Task requirements
Only lines with the word "unvecm" are wanted; copy each of them from the listing below.
*** Input material
(* Under the standing setup below (including the initialisation assumptions and $\|\mathbf{X}\|_2\le R$), there is a constant $C>0$ depending only on $N,d,d_v,K,\epsilon,R$ (not on $\alpha$ or $\mathbf{X}$) such that for every $\alpha>0$ and every $\mathbf{X}\in\mathbb{R}^{N\times d}$ with $\|\mathbf{X}\|_2\le R$ and $\mathbf{M}\neq0$, $$\|\mathbf{J}_1(\mathbf{X})\|_2\le C\alpha,\qquad \mathbf{J}_1(\mathbf{X})=(\mathbf{X}\mathbf{W}^V\mathbf{W}^O\otimes\mathbf{I}_N)^\top\frac{\partial\,\mathrm{vec}\,\mathbf{A}(\mathbf{X})}{\partial\,\mathrm{vec}\,\mathbf{X}}.$$
   Context: Standing setup. Fix integers $N,d,d_v\ge1$ with $2d_v\le d$ and $2d_v\le N$, an integer $K\ge0$ (number of Newton–Schulz iterations), $\epsilon>0$, $R>0$ and a scalar $\alpha>0$. For $\mathbf{X}\in\mathbb{R}^{N\times d}$ and weights $\mathbf{W}^Q,\mathbf{W}^K\in\mathbb{R}^{d\times d_v}$, set $\mathbf{Q}=\mathbf{X}\mathbf{W}^Q$, $\mathbf{K}=\mathbf{X}\mathbf{W}^K$, $\mathbf{M}=[\mathbf{Q},\mathbf{K}]\in\mathbb{R}^{N\times 2d_v}$, $\mathbf{M}_0=\mathbf{M}/(\|\mathbf{M}\|_F+\epsilon)$, $\mathbf{M}_{k+1}=\frac12\mathbf{M}_k(3\mathbf{I}_{2d_v}-\mathbf{M}_k^\top\mathbf{M}_k)$, and $\mathbf{B}=\mathbf{M}_K$. Let $\mathbf{S}=\frac{\alpha}{\sqrt{d_v}}(\mathbf{Q}\mathbf{K}^\top-\mathbf{K}\mathbf{Q}^\top)$, $[\mathbf{S}]=\mathbf{B}^\top\mathbf{S}\mathbf{B}\in\mathbb{R}^{2d_v\times2d_v}$, $\mathbf{A}(\mathbf{X})=\mathbf{I}_N+\mathbf{B}(\exp([\mathbf{S}])-\mathbf{I}_{2d_v})\mathbf{B}^\top$, and $\mathrm{OSA}(\mathbf{X})=\mathbf{A}(\mathbf{X})\mathbf{X}\mathbf{W}^V\mathbf{W}^O$ with $\mathbf{W}^V\in\mathbb{R}^{d\times d_v}$, $\mathbf{W}^O\in\mathbb{R}^{d_v\times d}$. Initialisation assumptions: $[\mathbf{W}^Q,\mathbf{W}^K]$ has orthonormal columns, and $\mathbf{W}^V$ and $(\mathbf{W}^O)^\top$ each have orthonormal columns. $\|\cdot\|_2$ is the spectral norm, $\|\cdot\|_F$ the Frobenius norm, $\mathrm{vec}$ column-major vectorisation, $\otimes$ the Kronecker product, and $\partial\,\mathrm{vec}\,F/\partial\,\mathrm{vec}\,\mathbf{X}$ the Jacobian of the vectorised map. *)

theory Defs
  imports "HOL-Analysis.Analysis"
begin

text \<open>Matrices are rendered as HOL-Analysis nested vectors: an m x n real matrix
  is an element of real^'n^'m (row index of type 'm, column index of type 'n).
  The dimensions N, d, d_v are the cardinalities of finite types 'N, 'd, 'v;
  the dimension 2 d_v is rendered by the sum type 'v + 'v (columns Inl j belong
  to the first block, Inr j to the second block).\<close>

definition spec_norm :: "real^'n^'m \<Rightarrow> real" where
  "spec_norm A = onorm (\<lambda>x. A *v x)"

definition frob_norm :: "real^'n^'m \<Rightarrow> real" where
  "frob_norm A = sqrt (\<Sum>i\<in>UNIV. \<Sum>j\<in>UNIV. (A $ i $ j)^2)"

primrec mat_pow :: "real^'n^'n \<Rightarrow> nat \<Rightarrow> real^'n^'n" where
  "mat_pow A 0 = mat 1"
| "mat_pow A (Suc k) = A ** mat_pow A k"

definition mat_exp :: "real^'n^'n \<Rightarrow> real^'n^'n" where
  "mat_exp A = (\<Sum>k. (1 / fact k) *\<^sub>R mat_pow A k)"

definition hcat :: "real^'b^'m \<Rightarrow> real^'c^'m \<Rightarrow> real^('b + 'c)^'m" where
  "hcat P Q = (\<chi> i j. case j of Inl a \<Rightarrow> P $ i $ a | Inr b \<Rightarrow> Q $ i $ b)"

text \<open>Column-major vectorisation: the entry in row i and column j goes to
  index (j, i); pairs are ordered lexicographically, so this is the usual
  column-major order.\<close>
definition vecm :: "real^'n^'m \<Rightarrow> real^('n \<times> 'm)" where
  "vecm A = (\<chi> p. A $ snd p $ fst p)"

definition unvecm :: "real^('n \<times> 'm) \<Rightarrow> real^'n^'m" where
  "unvecm v = (\<chi> i j. v $ (j, i))"

text \<open>Kronecker product, with row/column indices (outer, inner).\<close>
definition kron :: "real^'b^'a \<Rightarrow> real^'d^'c \<Rightarrow> real^('b \<times> 'd)^('a \<times> 'c)" where
  "kron A B = (\<chi> p q. A $ fst p $ fst q * B $ snd p $ snd q)"

definition ns_step :: "real^'n^'m \<Rightarrow> real^'n^'m" where
  "ns_step M = (1/2) *\<^sub>R (M ** (3 *\<^sub>R mat 1 - transpose M ** M))"

definition OSA_B :: "real \<Rightarrow> nat \<Rightarrow> real^(('v::finite) + 'v)^('d::finite) \<Rightarrow> real^'d^('N::finite) \<Rightarrow> real^('v + 'v)^'N" where
  "OSA_B \<epsilon> K WQK X =
     (let M = X ** WQK; M0 = (1 / (frob_norm M + \<epsilon>)) *\<^sub>R M in (ns_step ^^ K) M0)"

definition OSA_A :: "real \<Rightarrow> nat \<Rightarrow> real \<Rightarrow> real^('v::finite)^('d::finite) \<Rightarrow> real^'v^'d \<Rightarrow> real^'d^('N::finite) \<Rightarrow> real^'N^'N" where
  "OSA_A \<epsilon> K \<alpha> WQ WK X =
     (let Q = X ** WQ; Kk = X ** WK;
          B = OSA_B \<epsilon> K (hcat WQ WK) X;
          S = (\<alpha> / sqrt (real CARD('v))) *\<^sub>R (Q ** transpose Kk - Kk ** transpose Q);
          Sb = transpose B ** S ** B
      in mat 1 + B ** (mat_exp Sb - mat 1) ** transpose B)"

definition OSA_J1 :: "real \<Rightarrow> nat \<Rightarrow> real \<Rightarrow> real^('v::finite)^('d::finite) \<Rightarrow> real^'v^'d \<Rightarrow> real^'v^'d \<Rightarrow> real^'d^'v
    \<Rightarrow> real^'d^('N::finite) \<Rightarrow> real^('d \<times> 'N)^('d \<times> 'N)" where
  "OSA_J1 \<epsilon> K \<alpha> WQ WK WV WO X =
     transpose (kron (X ** WV ** WO) (mat 1 :: real^'N^'N))
     ** jacobian (\<lambda>v. vecm (OSA_A \<epsilon> K \<alpha> WQ WK (unvecm v))) (at (vecm X))"

end

theory Submission
  imports Defs
begin

(* The exponential of a skew-symmetric matrix is orthogonal, and on skew-symmetric matrices
   the exponential is 1-Lipschitz for the Frobenius norm.  The compressed score [S] is
   skew-symmetric and proportional to alpha, while the normalisation and the Newton--Schulz
   iterations are Lipschitz and bounded on bounded sets.  Hence A is Lipschitz on every ball
   with a constant alpha * c, where c does not depend on the (orthonormal) weights.  The
   operator norm of a derivative is bounded by a local Lipschitz constant, and the Kronecker
   factor is bounded through Frobenius norms. *)

section \<open>Frobenius norm of matrices\<close>

lemma norm_vec_squared: "norm (x::'a::real_normed_vector^'n) ^ 2 = (\<Sum>i\<in>UNIV. norm (x $ i) ^ 2)"
  unfolding norm_vec_def L2_set_def by (simp add: sum_nonneg)

lemma norm_matrix_squared: "norm (A::real^'n^'m) ^ 2 = (\<Sum>i\<in>UNIV. \<Sum>j\<in>UNIV. (A $ i $ j) ^ 2)"
  by (simp add: norm_vec_squared)

lemma frob_norm_eq_norm: "frob_norm A = norm A"
  unfolding frob_norm_def norm_matrix_squared[symmetric] by simp

lemma norm_matrix_vector_mult_le: "norm ((A::real^'n^'m) *v x) \<le> norm A * norm x"
proof -
  have "norm (A *v x) ^ 2 = (\<Sum>i\<in>UNIV. (A $ i \<bullet> x) ^ 2)"
    by (simp add: norm_vec_squared matrix_mult_dot)
  also have "\<dots> \<le> (\<Sum>i\<in>UNIV. (norm (A $ i) * norm x) ^ 2)"
    by (intro sum_mono iffD1[OF abs_le_square_iff]) (simp add: Cauchy_Schwarz_ineq2)
  also have "\<dots> = (norm A * norm x) ^ 2"
    by (simp add: power_mult_distrib sum_distrib_right norm_vec_squared[of A])
  finally show ?thesis by (rule power2_le_imp_le) simp
qed

lemma norm_transpose: "norm (transpose (A::real^'n^'m)) = norm A"
proof -
  have "norm (transpose A) ^ 2 = norm A ^ 2"
    unfolding norm_matrix_squared transpose_def by (simp, rule sum.swap)
  then show ?thesis by (simp add: power2_eq_iff_nonneg)
qed

lemma row_matrix_mult: "((A::real^'n^'m) ** B) $ i = transpose B *v (A $ i)"
  by (simp add: matrix_matrix_mult_def matrix_vector_mult_def transpose_def vec_eq_iff
      mult.commute[of "A $ i $ _"])

lemma norm_matrix_mult_le: "norm ((A::real^'n^'m) ** (B::real^'k^'n)) \<le> norm A * norm B"
proof -
  have "norm (A ** B) ^ 2 = (\<Sum>i\<in>UNIV. norm (transpose B *v A $ i) ^ 2)"
    by (simp add: norm_vec_squared row_matrix_mult)
  also have "\<dots> \<le> (\<Sum>i\<in>UNIV. (norm B * norm (A $ i)) ^ 2)"
    by (intro sum_mono power_mono order_trans[OF norm_matrix_vector_mult_le])
      (simp_all add: norm_transpose)
  also have "\<dots> = (norm A * norm B) ^ 2"
    by (simp add: power_mult_distrib sum_distrib_left norm_vec_squared[of A] mult.commute)
  finally show ?thesis by (rule power2_le_imp_le) simp
qed

lemma matrix_add_rdistrib: "((A::real^'n^'m) + B) ** C = A ** C + B ** C"
  by (simp add: matrix_matrix_mult_def vec_eq_iff sum.distrib algebra_simps)

interpretation matrix_mult: bounded_bilinear "(**) :: real^'n^'m \<Rightarrow> real^'k^'n \<Rightarrow> real^'k^'m"
proof
  show "\<exists>K. \<forall>A B. norm (A ** B) \<le> norm (A::real^'n^'m) * norm (B::real^'k^'n) * K"
    using norm_matrix_mult_le by (intro exI[of _ 1]) auto
qed (simp_all add: matrix_add_ldistrib matrix_add_rdistrib matrix_scalar_ac scalar_matrix_assoc)

lemma bounded_linear_transpose: "bounded_linear (transpose :: real^'n^'m \<Rightarrow> real^'m^'n)"
  by (rule bounded_linear_intro[of _ 1])
    (simp_all add: transpose_scalar norm_transpose, simp add: transpose_def vec_eq_iff)

lemmas transpose_diff = linear_diff[OF bounded_linear.linear[OF bounded_linear_transpose]]
lemmas transpose_zero = linear_0[OF bounded_linear.linear[OF bounded_linear_transpose]]

lemma norm_orthonormal_columns:
  assumes "transpose W ** W = mat 1"
  shows "norm (W::real^'n^'m) = sqrt CARD('n)"
proof -
  have "norm W ^ 2 = (\<Sum>j\<in>UNIV. (transpose W ** W) $ j $ j)"
    unfolding norm_matrix_squared
    by (simp add: matrix_matrix_mult_def transpose_def power2_eq_square, rule sum.swap)
  also have "\<dots> = CARD('n)" using assms by (simp add: mat_def)
  finally show ?thesis by (simp add: real_sqrt_unique)
qed

lemma norm_orthogonal_matrix_vector_mult:
  "orthogonal_matrix Q \<Longrightarrow> norm ((Q::real^'n^'n) *v x) = norm x"
  using orthogonal_transformation_matrix[of "\<lambda>x. Q *v x"]
  by (simp add: orthogonal_transformation_norm)

lemma norm_matrix_mult_orthogonal:
  assumes "orthogonal_matrix Q"
  shows "norm ((A::real^'n^'m) ** Q) = norm A"
  using norm_orthogonal_matrix_vector_mult[of "transpose Q"] assms
  by (simp add: norm_vec_def row_matrix_mult orthogonal_matrix_transpose
      del: transpose_matrix_vector)

lemma norm_orthogonal_matrix_mult:
  assumes "orthogonal_matrix Q"
  shows "norm (Q ** (A::real^'m^'n)) = norm A"
  using norm_matrix_mult_orthogonal[of "transpose Q" "transpose A"] assms
  by (simp add: orthogonal_matrix_transpose norm_transpose matrix_transpose_mul[symmetric])

lemma orthonormal_columns_hcat_blocks:
  assumes "transpose (hcat P Q) ** hcat P Q = mat 1"
  shows "transpose P ** P = mat 1" and "transpose Q ** Q = mat 1"
proof -
  have "(transpose (hcat P Q) ** hcat P Q) $ p $ q = mat 1 $ p $ q" for p q
    using assms by simp
  from this[of "Inl _" "Inl _"] this[of "Inr _" "Inr _"]
  show "transpose P ** P = mat 1" and "transpose Q ** Q = mat 1"
    by (simp_all add: vec_eq_iff matrix_matrix_mult_def transpose_def hcat_def mat_def)
qed

lemma hcat_matrix_mult: "hcat (X ** P) (X ** Q) = X ** hcat P Q"
  by (simp add: hcat_def matrix_matrix_mult_def vec_eq_iff split: sum.split)

section \<open>The matrix exponential\<close>

primrec dmat_pow :: "real^'n^'n \<Rightarrow> real^'n^'n \<Rightarrow> nat \<Rightarrow> real^'n^'n" where
  "dmat_pow A H 0 = 0"
| "dmat_pow A H (Suc k) = A ** dmat_pow A H k + H ** mat_pow A k"

lemma has_derivative_mat_pow:
  "((\<lambda>A. mat_pow A k) has_derivative (\<lambda>H. dmat_pow A H k)) (at A within S)"
proof (induction k)
  case (Suc k)
  show ?case
    using matrix_mult.FDERIV[OF has_derivative_ident Suc] by simp
qed simp

lemma norm_mat_pow_le: "norm (mat_pow A k) \<le> sqrt CARD('n) * norm (A::real^'n^'n) ^ k"
proof (induction k)
  case 0
  show ?case by (simp add: norm_orthonormal_columns)
next
  case (Suc k)
  have "norm (mat_pow A (Suc k)) \<le> norm A * norm (mat_pow A k)" by (simp add: norm_matrix_mult_le)
  also have "\<dots> \<le> norm A * (sqrt CARD('n) * norm A ^ k)" by (rule mult_left_mono[OF Suc]) simp
  finally show ?case by (simp add: algebra_simps)
qed

lemma norm_dmat_pow_le:
  assumes "norm (A::real^'n^'n) \<le> r" and "1 \<le> r"
  shows "norm (dmat_pow A H k) \<le> k * sqrt CARD('n) * r ^ k * norm H"
proof (induction k)
  case (Suc k)
  have "norm (dmat_pow A H (Suc k)) \<le> norm A * norm (dmat_pow A H k) + norm H * norm (mat_pow A k)"
    by (simp add: norm_triangle_le norm_matrix_mult_le add_mono)
  also have "\<dots> \<le> r * (k * sqrt CARD('n) * r ^ k * norm H) + norm H * (sqrt CARD('n) * r ^ k)"
    using assms Suc norm_mat_pow_le[of A k] power_mono[OF assms(1), of k]
    by (intro add_mono mult_mono mult_left_mono order_trans[OF norm_mat_pow_le]) auto
  also have "\<dots> \<le> Suc k * sqrt CARD('n) * r ^ Suc k * norm H"
  proof -
    have "r ^ k \<le> r ^ Suc k" using assms(2) by (intro power_increasing) auto
    then have "norm H * (sqrt CARD('n) * r ^ k) \<le> norm H * (sqrt CARD('n) * r ^ Suc k)"
      by (intro mult_left_mono) auto
    then show ?thesis by (simp add: algebra_simps)
  qed
  finally show ?case .
qed simp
******
Exercise answer
definition unvecm :: "real^('n \<times> 'm) \<Rightarrow> real^'n^'m" where
  "unvecm v = (\<chi> i j. v $ (j, i))"
     ** jacobian (\<lambda>v. vecm (OSA_A \<epsilon> K \<alpha> WQ WK (unvecm v))) (at (vecm X))"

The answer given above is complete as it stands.